Options for columns of type `JSON` and `JSONB` should be passed to `json_fields`.

```sql theme={null}
CREATE INDEX search_idx ON mock_items
USING bm25 (id, metadata)
WITH (
  key_field = 'id',
  json_fields = '{
    "metadata": {
      "fast": true
    }
  }'
);
```

The nested configuration JSON for `json_fields` accepts the following keys.

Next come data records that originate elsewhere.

lemma emeasure_lborel_complex_norm_square_less_le:
  assumes "0 \<le> t"
  shows "emeasure lborel {z::complex. (cmod z)^2 < s \<and> (cmod z)^2 \<le> t} = ennreal (pi * max 0 (min s t))"
proof -
  have less_s: "(cmod z)^2 < s \<longleftrightarrow> cmod z < sqrt s" and le_t: "(cmod z)^2 \<le> t \<longleftrightarrow> cmod z \<le> sqrt t"
    for z :: complex
    using real_sqrt_less_iff[of "(cmod z)^2" s] real_sqrt_le_iff[of "(cmod z)^2" t] by simp_all
  consider "s \<le> 0" | "0 < s" "s \<le> t" | "t < s" by linarith
  then show ?thesis
  proof cases
    case 1
    have "\<not> (cmod z)^2 < s" for z :: complex
      by (simp add: not_less order_trans[OF 1])
    then have empty: "{z::complex. (cmod z)^2 < s \<and> (cmod z)^2 \<le> t} = {}"
      by blast
    show ?thesis
      unfolding empty using 1 by simp
  next
    case 2
    then have "{z::complex. (cmod z)^2 < s \<and> (cmod z)^2 \<le> t} = ball 0 (sqrt s)"
      by (auto simp: less_s[symmetric])
    then show ?thesis using 2 by (simp add: emeasure_ball unit_ball_vol_2)
  next
    case 3
    then have "{z::complex. (cmod z)^2 < s \<and> (cmod z)^2 \<le> t} = cball 0 (sqrt t)"
      by (auto simp: le_t[symmetric])
    then show ?thesis using 3 assms by (simp add: emeasure_cball unit_ball_vol_2)
  qed
qed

<ParamField body="fast" default={false}>
  See [fast fields](/legacy/indexing/fast-fields) for when this option should be set to `true`.
</ParamField>

<ParamField body="tokenizer">
  See [tokenizers](/legacy/indexing/tokenizers) for how to configure the tokenizer.
</ParamField>

<ParamField body="normalizer">
  See [normalizers](/legacy/indexing/fast-fields#normalizers) for how to configure the normalizer.
</ParamField>

<ParamField body="expand_dots" default={true}>
  If `true`, JSON keys containing a `.` will be expanded. For instance, if `expand_dots` is `true`,
  `{"metadata.color": "red"}` will be indexed as if it was `{"metadata": {"color": "red"}}`.
</ParamField>

<Accordion title="Advanced Options">
  <ParamField body="indexed" default={true}>
    Whether the field is indexed. Must be `true` in order for the field to be
    tokenized and searchable.
  </ParamField>

  <ParamField body="fieldnorms" default={true}>
    Fieldnorms store information about the length of the text field. Must be
    `true` to calculate the BM25 score.
  </ParamField>
</Accordion>

## Advanced Options

In addition to text and JSON, ParadeDB exposes options for numeric, datetime, boolean, range, and enum fields.
For most use cases, it is not necessary to change these options.

### Numeric Fields

Options for columns of type `SMALLINT`, `INTEGER`, `BIGINT`, `OID`, `REAL`, `DOUBLE PRECISION`, `NUMERIC`, and their corresponding array types
should be passed to `numeric_fields`.

```sql theme={null}
CREATE INDEX search_idx ON mock_items
USING bm25 (id, rating)
WITH (
    key_field = 'id',
    numeric_fields = '{
        "rating": {"fast": true}
    }'
);
```

<Accordion title="Advanced Options">
  <ParamField body="indexed" default={true}>
    Whether the field is indexed. Must be `true` in order for the field to be
    tokenized and searchable.
  </ParamField>

  <ParamField body="fast" default={true}>
    Fast fields can be random-accessed rapidly. Fields used for aggregation must
    have `fast` set to `true`. Fast fields are also useful for accelerated
    scoring and filtering.
  </ParamField>
</Accordion>

### Boolean Fields

Options for columns of type `BOOLEAN` and `BOOLEAN[]` should be passed to `boolean_fields`.

```sql theme={null}
CREATE INDEX search_idx ON mock_items
USING bm25 (id, in_stock)
WITH (
  key_field = 'id',
  boolean_fields = '{
      "in_stock": {"fast": true}
  }'
);
```

`CREATE_INDEX` accepts several configuration options for `boolean_fields`:

<Accordion title="Advanced Options">
  <ParamField body="indexed" default={true}>
    Whether the field is indexed. Must be `true` in order for the field to be
    tokenized and searchable.
  </ParamField>

  <ParamField body="fast" default={true}>
    Fast fields can be random-accessed rapidly. Fields used for aggregation must
    have `fast` set to `true`. Fast fields are also useful for accelerated
    scoring and filtering.
  </ParamField>
</Accordion>

### Enumerated Types

Options for custom Postgres [enums](https://www.postgresql.org/docs/current/datatype-enum.html) should be passed to `numeric_fields`.
Enums should be queried with [term queries](/legacy/advanced/term/term).

If the ordering of the enum is changed with `ADD VALUE ... [ BEFORE | AFTER ]`, the BM25 index should be dropped
and recreated to account for the new enum ordinal values.